Possibly. If you were to take a community of complex learning entities and place them in a virtual environment, and leave them for a very long time, some interesting behaviour might well emerge. But it might not be anything we could recognise as sentience.
It’s worth remembering that the first quarter or third of a bell curve is a close fit to an exponential curve. But rather than continue to infinity the curve eventually flattens out.
I would say that we’re little closer to creating artifical intelligence from first principles than we were in the 1960s. Maybe we’ll brute-force simulate a brain, or evolve AI by genetic algorithms without understanding why it works, or maybe quantum physics will turn out to be the key. But I don’t expect to see it in my lifetime.

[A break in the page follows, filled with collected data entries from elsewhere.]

(* Let $p\in[1,\infty)$, let $(\rho_t)_{t\in I}\subset L^1_{\rm loc}(\mathbb R^N)$ be non-negative, and let $J\subset I$ with $0\in\overline J$. Suppose there exists $C>0$ such that $\limsup_{t\in J,\,t\to0^+}\mathcal F_{t,p}(u)\le C\|\nabla u\|_{L^p}^p$ for every compactly supported Lipschitz function $u\colon\mathbb R^N\to\mathbb R$. Then $$\sup_{R>0}\ \limsup_{t\in J,\,t\to0^+}\ R^p\int_{\mathbb R^N}\frac{\rho_t(z)}{R^p+|z|^p}\,dz<\infty.$$
   Context: $I=(0,1)$; $\mathcal F_{t,p}(u)=\int\int\frac{|u(x)-u(y)|^p}{|x-y|^p}\rho_t(x-y)\,dx\,dy$ and $\|\nabla u\|^p_{L^p}=\int_{\mathbb R^N}|\nabla u|^pdx$. *)

theory Defs
  imports "HOL-Analysis.Analysis"
begin

definition F_tp :: "('a::euclidean_space \<Rightarrow> real) \<Rightarrow> real \<Rightarrow> ('a \<Rightarrow> real) \<Rightarrow> ennreal" where
  "F_tp rho p u =
     (\<integral>\<^sup>+ x. (\<integral>\<^sup>+ y. ennreal (\<bar>u x - u y\<bar> powr p / norm (x - y) powr p * rho (x - y)) \<partial>lebesgue) \<partial>lebesgue)"

text \<open>The p-th power of the L^p norm of the gradient: integral of |grad u|^p, where the
  gradient is the (Frechet) derivative wherever u is differentiable (almost everywhere for
  Lipschitz u by Rademacher); its Euclidean norm equals the operator norm of the derivative.\<close>
definition grad_Lp_pow :: "('a::euclidean_space \<Rightarrow> real) \<Rightarrow> real \<Rightarrow> ennreal" where
  "grad_Lp_pow u p =
     (\<integral>\<^sup>+ x. ennreal (if u differentiable (at x) then onorm (frechet_derivative u (at x)) powr p else 0) \<partial>lebesgue)"

definition locally_integrable :: "('a::euclidean_space \<Rightarrow> real) \<Rightarrow> bool" where
  "locally_integrable f \<longleftrightarrow> f \<in> borel_measurable lebesgue \<and>
     (\<forall>K. compact K \<longrightarrow> set_integrable lebesgue K f)"

definition compactly_supported_lipschitz :: "('a::euclidean_space \<Rightarrow> real) \<Rightarrow> bool" where
  "compactly_supported_lipschitz u \<longleftrightarrow>
     (\<exists>L. L-lipschitz_on UNIV u) \<and> (\<exists>K. compact K \<and> (\<forall>x. x \<notin> K \<longrightarrow> u x = 0))"

end

(*
  Test the hypothesis on the tent u_R(x) = max 0 (R - |x|): it is 1-Lipschitz and vanishes
  outside the closed R-ball, so its gradient term is at most |B_R| = omega_N R^N.
  Conversely F_{t,p}(u_R) dominates R^p int rho_t(z) / (R^p + |z|^p) dz. Almost every z lies
  either in the far region |z| >= R/(4N), where |u_R(x) - u_R(x - z)| >= R/(8N) for all x close
  to 0, or in a cone |z| <= N |z . e_b| around a coordinate axis, where
  |u_R(x) - u_R(x - z)| >= |z|/(8N) for all x close to (3/8) R e_b. Integrating over these balls
  of x, of volume omega_N (R/(16N))^N, bounds the weighted integral by c(N,p) R^(-N) F_{t,p}(u_R),
  and the powers of R cancel against the gradient bound.
*)

theory Submission
  imports Defs
begin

I think some of you here seem to suffer from a lack of respect for the sheer scale of what exponential growth can accomplish. As I have said repeatedly, I doubt the premise that the growth will remain exponential. But if it did all of the things you present as problems would be solved trivially. Mapping a brain atom-by-atom? Nanobots. Simulating that brain at 100x speed? Done. Run evolutionary algorithms to tackle AI problems that would normally be inconceivable due to combinatorics? Easy. And many of the problems’ solutions would be facilitated by the technology – you don’t need sentience in order for technology to vastly increase our ability to understand the brain and help make tools to study it and further our understanding. It’s a bootstrapping process, and if you don’t get that, I think you are still missing the point entirely.
I think you’re overestimating (or misunderstanding) the power of simulation. IIRC, you’re a physicist, so please understand that I don’t mean to insult you or your understanding. But it does seem that way to me…to wit: “simulation” implies a model, which is inherently a simplification of that being modeled. There’s an asymtotic upper bound on these types of simulation (i.e., physical processes); reality, in its full complement, cannot be simulated.

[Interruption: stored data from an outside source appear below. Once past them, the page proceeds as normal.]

definition Bpq :: "nat \<Rightarrow> nat \<Rightarrow> nat \<Rightarrow> elem set" where
  "Bpq n p q = {x. inB n x \<and> (\<forall>S. x S \<noteq> 0 \<longrightarrow> vdeg n S = p \<and> fdeg n S = q)}"

definition zeroB :: elem where
  "zeroB = (\<lambda>U. 0)"

definition addB :: "elem \<Rightarrow> elem \<Rightarrow> elem" where
  "addB x y = (\<lambda>U. x U + y U)"

definition mono :: "nat set \<Rightarrow> elem" where
  "mono S = (\<lambda>U. if U = S then 1 else 0)"

text \<open>sign of the shuffle putting the ordered wedge of S followed by that of T into increasing order\<close>
definition shsgn :: "nat set \<Rightarrow> nat set \<Rightarrow> complex" where
  "shsgn S T = (-1) ^ card {(s, t). s \<in> S \<and> t \<in> T \<and> t < s}"

definition wedge :: "elem \<Rightarrow> elem \<Rightarrow> elem" where
  "wedge x y = (\<lambda>U. \<Sum>S\<in>Pow U. shsgn S (U - S) * x S * y (U - S))"

definition pos :: "nat set \<Rightarrow> nat \<Rightarrow> nat" where
  "pos S g = card {s\<in>S. s < g}"

definition lin :: "nat \<Rightarrow> (nat set \<Rightarrow> elem) \<Rightarrow> elem \<Rightarrow> elem" where
  "lin n f x = (\<lambda>U. \<Sum>S\<in>Pow (gens n). x S * f S U)"

definition bilin :: "nat \<Rightarrow> (nat set \<Rightarrow> nat set \<Rightarrow> elem) \<Rightarrow> elem \<Rightarrow> elem \<Rightarrow> elem" where
  "bilin n f x y = (\<lambda>U. \<Sum>A\<in>Pow (gens n). \<Sum>B\<in>Pow (gens n). x A * y B * f A B U)"

text \<open>extension of generator values D to an odd (degree +1) derivation of B\<close>
definition oderiv :: "nat \<Rightarrow> (nat \<Rightarrow> elem) \<Rightarrow> elem \<Rightarrow> elem" where
  "oderiv n D = lin n (\<lambda>S U. \<Sum>g\<in>S. (-1) ^ pos S g *
      wedge (wedge (mono {s\<in>S. s < g}) (D g)) (mono {s\<in>S. g < s}) U)"

text \<open>dbar on generators: dbar T_j = sum_k E k j W wedge conj omega^k
  (from (dbar V)(conj X) = [conj X, V]^{1,0}); dbar W = 0, dbar conj omega^k = 0,
  dbar conj rho = (d conj rho)^{0,2} = 0.\<close>
definition dbar_gen :: "nat \<Rightarrow> (nat \<Rightarrow> nat \<Rightarrow> complex) \<Rightarrow> nat \<Rightarrow> elem" where
  "dbar_gen n E g = (\<lambda>U. if g < n then (\<Sum>k<n. E k g * mono {n, n+1+k} U) else 0)"

definition dbar :: "nat \<Rightarrow> (nat \<Rightarrow> nat \<Rightarrow> complex) \<Rightarrow> elem \<Rightarrow> elem" where
  "dbar n E = oderiv n (dbar_gen n E)"

text \<open>Lie bracket on the generators L = g^{1,0} + g^{*(0,1)}:
  g^{1,0} abelian, [V, conj omega] = iota_V d(conj omega), forms commute.
  d conj omega^k = 0 and d conj rho = sum cnj(E j i) conj omega^i wedge omega^j, so
  [T_m, conj rho] = - sum_i cnj (E m i) conj omega^i, and [conj rho, T_m] = - [T_m, conj rho].\<close>
definition brg :: "nat \<Rightarrow> (nat \<Rightarrow> nat \<Rightarrow> complex) \<Rightarrow> nat \<Rightarrow> nat \<Rightarrow> elem" where
  "brg n E i j = (\<lambda>U.
     if i < n \<and> j = 2*n+1 then - (\<Sum>k<n. cnj (E i k) * mono {n+1+k} U)
     else if i = 2*n+1 \<and> j < n then (\<Sum>k<n. cnj (E j k) * mono {n+1+k} U)
     else 0)"

definition schouten :: "nat \<Rightarrow> (nat \<Rightarrow> nat \<Rightarrow> complex) \<Rightarrow> elem \<Rightarrow> elem \<Rightarrow> elem" where
  "schouten n E = bilin n (\<lambda>A B U. \<Sum>i\<in>A. \<Sum>j\<in>B. (-1) ^ (pos A i + pos B j) *
      wedge (wedge (brg n E i j) (mono (A - {i}))) (mono (B - {j})) U)"

definition dbar_exact :: "nat \<Rightarrow> (nat \<Rightarrow> nat \<Rightarrow> complex) \<Rightarrow> nat \<Rightarrow> nat \<Rightarrow> elem \<Rightarrow> bool" where
  "dbar_exact n E p q z \<longleftrightarrow>
     z = zeroB \<or> (\<exists>q' y. q = Suc q' \<and> y \<in> Bpq n p q' \<and> dbar n E y = z)"

text \<open>d_1 \<equiv> 0 on E_1^{p,q} = H^q(g^{p,0}) (\<cong> H^q(M,Theta^p)), d_1[x] = [ad_Lambda x]\<close>
definition degenerates_E1 :: "nat \<Rightarrow> (nat \<Rightarrow> nat \<Rightarrow> complex) \<Rightarrow> elem \<Rightarrow> bool" where
  "degenerates_E1 n E L \<longleftrightarrow>
     (\<forall>p q x. x \<in> Bpq n p q \<longrightarrow> dbar n E x = zeroB \<longrightarrow>
        dbar_exact n E (p+1) q (schouten n E L x))"

text \<open>c^{1,0} = span W is the whole (1,0)-part of the center: no nonzero
  V = sum v_j T_j is central, i.e. [conj T_k, V] = 0 for all k forces V = 0.\<close>
definition center_is_W :: "nat \<Rightarrow> (nat \<Rightarrow> nat \<Rightarrow> complex) \<Rightarrow> bool" where
  "center_is_W n E \<longleftrightarrow> (\<forall>v :: nat \<Rightarrow> complex.
     (\<forall>k<n. (\<Sum>j<n. E k j * v j) = 0 \<and> (\<Sum>j<n. cnj (E j k) * v j) = 0) \<longrightarrow> (\<forall>j<n. v j = 0))"

text \<open>Lie bracket of g \<otimes> C in coordinates w.r.t. T_0..T_{n-1}, W, conj T_0..conj T_{n-1}, conj W
  (indices 0..n-1, n, n+1..2n, 2n+1).\<close>
definition lie_br :: "nat \<Rightarrow> (nat \<Rightarrow> nat \<Rightarrow> complex) \<Rightarrow> (nat \<Rightarrow> complex) \<Rightarrow> (nat \<Rightarrow> complex) \<Rightarrow> nat \<Rightarrow> complex" where
  "lie_br n E u v i =
    (if i = n then (\<Sum>k<n. \<Sum>j<n. (u (n+1+k) * v j - v (n+1+k) * u j) * E k j)
     else if i = 2*n+1 then - (\<Sum>k<n. \<Sum>j<n. (u (n+1+k) * v j - v (n+1+k) * u j) * cnj (E j k))
     else 0)"

definition is_real_vec :: "nat \<Rightarrow> (nat \<Rightarrow> complex) \<Rightarrow> bool" where
  "is_real_vec n u \<longleftrightarrow> (\<forall>k<n. u (n+1+k) = cnj (u k)) \<and> u (2*n+1) = cnj (u n)"

text \<open>G admits a lattice (Malcev): the real Lie algebra g has a basis with rational structure constants.\<close>
definition has_lattice :: "nat \<Rightarrow> (nat \<Rightarrow> nat \<Rightarrow> complex) \<Rightarrow> bool" where
  "has_lattice n E \<longleftrightarrow> (\<exists>(v :: nat \<Rightarrow> nat \<Rightarrow> complex) (C :: nat \<Rightarrow> nat \<Rightarrow> nat \<Rightarrow> rat).
     (\<forall>a<2*n+2. is_real_vec n (v a)) \<and>
     (\<forall>c :: nat \<Rightarrow> real. (\<forall>i<2*n+2. (\<Sum>a<2*n+2. complex_of_real (c a) * v a i) = 0)
                          \<longrightarrow> (\<forall>a<2*n+2. c a = 0)) \<and>
     (\<forall>a<2*n+2. \<forall>b<2*n+2. \<forall>i<2*n+2.
        lie_br n E (v a) (v b) i = (\<Sum>e<2*n+2. of_rat (C a b e) * v e i)))"

definition in_t_c :: "nat \<Rightarrow> elem \<Rightarrow> bool" where
  "in_t_c n x \<longleftrightarrow> (\<forall>S. x S \<noteq> 0 \<longrightarrow> (\<exists>k<n. S = {k, n}))"

definition in_wedge2_t :: "nat \<Rightarrow> elem \<Rightarrow> bool" where
  "in_wedge2_t n x \<longleftrightarrow> (\<forall>S. x S \<noteq> 0 \<longrightarrow> S \<subseteq> {..<n} \<and> card S = 2)"

end

theory Submission
  imports Defs
begin

text \<open>
  The form conj rho (generator 2n+1) is a dbar-closed element of B^{0,1}, so degeneration on
  the first page makes [\<Lambda>, conj rho] dbar-exact. Every monomial of a dbar-exact element
  contains the central vector W, and so does every monomial of [\<Lambda>_1, conj rho], whereas no
  monomial of [\<Lambda>_2, conj rho] does; hence [\<Lambda>_2, conj rho] = 0. The vectors T_k commute
  with g^{1,0} and with the closed forms conj omega^k, so ad \<Lambda>_2 is the derivation determined
  by its value on conj rho, and therefore vanishes.
\<close>

lemma zeroB_apply [simp]: "zeroB U = 0"
  by (simp add: zeroB_def)

lemma wedge_nonzeroE:
  assumes "wedge x y U \<noteq> 0"
  obtains S where "S \<subseteq> U" "x S \<noteq> 0" "y (U - S) \<noteq> 0"
  using assms unfolding wedge_def by (auto elim!: sum.not_neutral_contains_not_neutral)

lemma wedge_infinite: "infinite U \<Longrightarrow> wedge x y U = 0"
  unfolding wedge_def by simp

Of course, sentience doesn’t necessarily require such detailed simulation (if it requires simulation at all). We don’t know. Speaking as an ex-AI researcher, the issue really is the software (or more accurately, the conceptual foundations of the software), as Minsky and Sloman (among others) have been saying for quite some time.

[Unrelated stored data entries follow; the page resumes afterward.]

lemma kinner_Qmat:
  assumes x: "x \<in> carrier_vec (2 * n)" and y: "y \<in> carrier_vec (2 * n)"
  shows "kinner x (Qmat n *\<^sub>v y) = (\<Sum>k<n. cnj (x $ k) * y $ (n + k))"
proof -
  have split: "v = vec_first v n @\<^sub>v vec_last v n" if "v \<in> carrier_vec (2 * n)" for v :: "complex vec"
    using that by (simp add: mult_2)
  have "kinner x (Qmat n *\<^sub>v y) = kinner (vec_first x n @\<^sub>v vec_last x n) (vec_last y n @\<^sub>v 0\<^sub>v n)"
    using Qmat_mult_append[of "vec_first y n" n "vec_last y n"] split[OF x] split[OF y] by simp
  also have "\<dots> = kinner (vec_first x n) (vec_last y n)"
    by (simp add: kinner_append)
  also have "\<dots> = (\<Sum>k<n. cnj (x $ k) * y $ (n + k))"
    using x y unfolding kinner_def by (simp add: vec_first_def vec_last_def mult_2)
  finally show ?thesis .
qed

lemma kinner_orth_proj_sandwich:
  assumes P: "is_orth_proj m S P" and diff: "\<And>x y. x \<in> S \<Longrightarrow> y \<in> S \<Longrightarrow> x - y \<in> S"
    and S: "S \<subseteq> carrier_vec m" and M: "M \<in> carrier_mat m m" and x: "x \<in> S" and y: "y \<in> S"
  shows "kinner x ((P * M * P) *\<^sub>v y) = kinner x (M *\<^sub>v y)"
proof -
  have P_carrier: "P \<in> carrier_mat m m" and y_carrier: "y \<in> carrier_vec m"
    using P S y unfolding is_orth_proj_def by auto
  have "(P * M * P) *\<^sub>v y = (P * M) *\<^sub>v (P *\<^sub>v y)"
    using assoc_mult_mat_vec[OF mult_carrier_mat[OF P_carrier M] P_carrier y_carrier] .
  also have "\<dots> = P *\<^sub>v (M *\<^sub>v (P *\<^sub>v y))"
    using assoc_mult_mat_vec[OF P_carrier M mult_mat_vec_carrier[OF P_carrier y_carrier]] .
  finally have "(P * M * P) *\<^sub>v y = P *\<^sub>v (M *\<^sub>v (P *\<^sub>v y))" .
  then show ?thesis
    using is_orth_proj_inner[OF P x _ S] is_orth_proj_fixes[OF P diff S y] M y_carrier by simp
qed

section \<open>The orthogonal projection onto \<open>M(A,B)\<close>\<close>

lemma MAB_carrier: "MAB n A B \<subseteq> carrier_vec (2 * n)"
  unfolding MAB_def by auto

lemma MAB_diff:
  assumes "A \<in> carrier_mat n n" "B \<in> carrier_mat n n" "x \<in> MAB n A B" "y \<in> MAB n A B"
  shows "x - y \<in> MAB n A B"
  using assms unfolding MAB_def
  by (auto simp: mult_minus_distrib_mat_vec[of _ n "2 * n"] mult_2)

locale maximal_isotropic_pair =
  fixes n :: nat and A B :: "complex mat"
  assumes A_carrier: "A \<in> carrier_mat n n" and B_carrier: "B \<in> carrier_mat n n"
    and rank: "maximal_rank n A B"
    and self_adjoint: "A * mat_adjoint B = mat_adjoint (A * mat_adjoint B)"
begin

text \<open>\<open>M(A,B)\<close> is the kernel of \<open>H\<close> and, as shown below, the range of \<open>V\<close>; \<open>R\<close> inverts the
  Gram matrix \<open>G = H H\<^sup>\<dagger> = V\<^sup>\<dagger> V\<close>.\<close>

abbreviation H where "H \<equiv> hblock A B"
abbreviation V where "V \<equiv> vblock (- mat_adjoint B) (mat_adjoint A)"
abbreviation G where "G \<equiv> A * mat_adjoint A + B * mat_adjoint B"
abbreviation R where "R \<equiv> the (mat_inverse G)"

lemma dim_A_B [simp]: "dim_row A = n" "dim_col A = n" "dim_row B = n" "dim_col B = n"
  using A_carrier B_carrier by auto

lemma adjoint_A_carrier: "mat_adjoint A \<in> carrier_mat n n"
  using A_carrier by (rule mat_adjoint_carrier)

lemma adjoint_B_carrier: "mat_adjoint B \<in> carrier_mat n n"
  using B_carrier by (rule mat_adjoint_carrier)

lemma H_carrier: "H \<in> carrier_mat n (2 * n)"
  by (intro carrier_matI) (simp_all add: mult_2)

lemma V_carrier: "V \<in> carrier_mat (2 * n) n"
  by (intro carrier_matI) (simp_all add: mult_2)

lemma G_carrier: "G \<in> carrier_mat n n"
  by (intro carrier_matI) simp_all

lemma B_mult_adjoint_A: "B * mat_adjoint A = A * mat_adjoint B"
  using self_adjoint mat_adjoint_mult[OF A_carrier adjoint_B_carrier] by simp

lemma adjoint_V: "mat_adjoint V = hblock (- B) A"
  using mat_adjoint_vblock[OF uminus_carrier_mat[OF adjoint_B_carrier] adjoint_A_carrier]
  by (simp add: mat_adjoint_uminus)

lemma adjoint_H: "mat_adjoint H = vblock (mat_adjoint A) (mat_adjoint B)"
  using mat_adjoint_vblock[OF adjoint_A_carrier adjoint_B_carrier] by (metis mat_adjoint_adjoint)

lemma H_mult_V: "H * V = 0\<^sub>m n n"
proof -
  have "H * V = - (A * mat_adjoint B) + A * mat_adjoint B"
    using hblock_mult_vblock[OF A_carrier B_carrier uminus_carrier_mat[OF adjoint_B_carrier]
        adjoint_A_carrier]
    by (simp add: B_mult_adjoint_A)
  then show ?thesis
    using uminus_l_inv_mat[OF mult_carrier_mat[OF A_carrier adjoint_B_carrier]] by simp
qed

lemma adjoint_V_mult_V: "mat_adjoint V * V = G"
  using hblock_mult_vblock[OF uminus_carrier_mat[OF B_carrier] A_carrier
      uminus_carrier_mat[OF adjoint_B_carrier] adjoint_A_carrier]
    comm_add_mat[OF mult_carrier_mat[OF A_carrier adjoint_A_carrier]
      mult_carrier_mat[OF B_carrier adjoint_B_carrier]]
  by (simp add: adjoint_V)

lemma H_mult_adjoint_H: "H * mat_adjoint H = G"
  using hblock_mult_vblock[OF A_carrier B_carrier adjoint_A_carrier adjoint_B_carrier]
  by (simp add: adjoint_H)

lemma adjoint_V_mult_adjoint_H: "mat_adjoint V * mat_adjoint H = 0\<^sub>m n n"
proof -
  have "mat_adjoint V * mat_adjoint H = - (A * mat_adjoint B) + A * mat_adjoint B"
    using hblock_mult_vblock[OF uminus_carrier_mat[OF B_carrier] A_carrier adjoint_A_carrier
        adjoint_B_carrier]
    by (simp add: adjoint_V adjoint_H B_mult_adjoint_A)
  then show ?thesis
    using uminus_l_inv_mat[OF mult_carrier_mat[OF A_carrier adjoint_B_carrier]] by simp
qed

Heinlein write about it even earlier, in an essay back in the 50s or 60s IIRC. He just didn’t use the word “Singularity”. He spoke of exponential growth in knowledge, complete with a graph showing where progress goes straight up; the sort of thing you see in the typical article of the Singularity.
I disagree, we’ve made huge progress. The problem is that we grossly underestimated back then how much progress there was that needed to be made. We thought Mount Everest was a speed bump, basically.
A true atom by atom simulation should work without understanding how it works, that’s the whole advantage of such a simulation. Turn it on and it’ll start functioning on its own because that’s what the brain you are simulating is built to do. Not that I think such a thing is likely to be necessary, even for a pure human-simulation method of AI I expect we can pare away a huge number of unnecessary details. It seems unlikely that every last hydrogen atom is involved in the process of thinking.
Yes, simulation requires a model. We have a model in physics that will fit the bill. It’s the Standard Model, and at the energy scale of the physics inside the human brain, its accuracy is “good enough”, to put it mildly. So I don’t understand or agree with your criticism of the use of a “model”. In this case, the model we have is so accurate that with regard to the quantum mechanics of the human brain it can be regarded for all intents and purposes as indistinguishable from “reality.”
I’m wondering if Nintendo will ctach up with Sony and Microsoft by 2045 or whether they’ll still be relying on gimmicky controllers.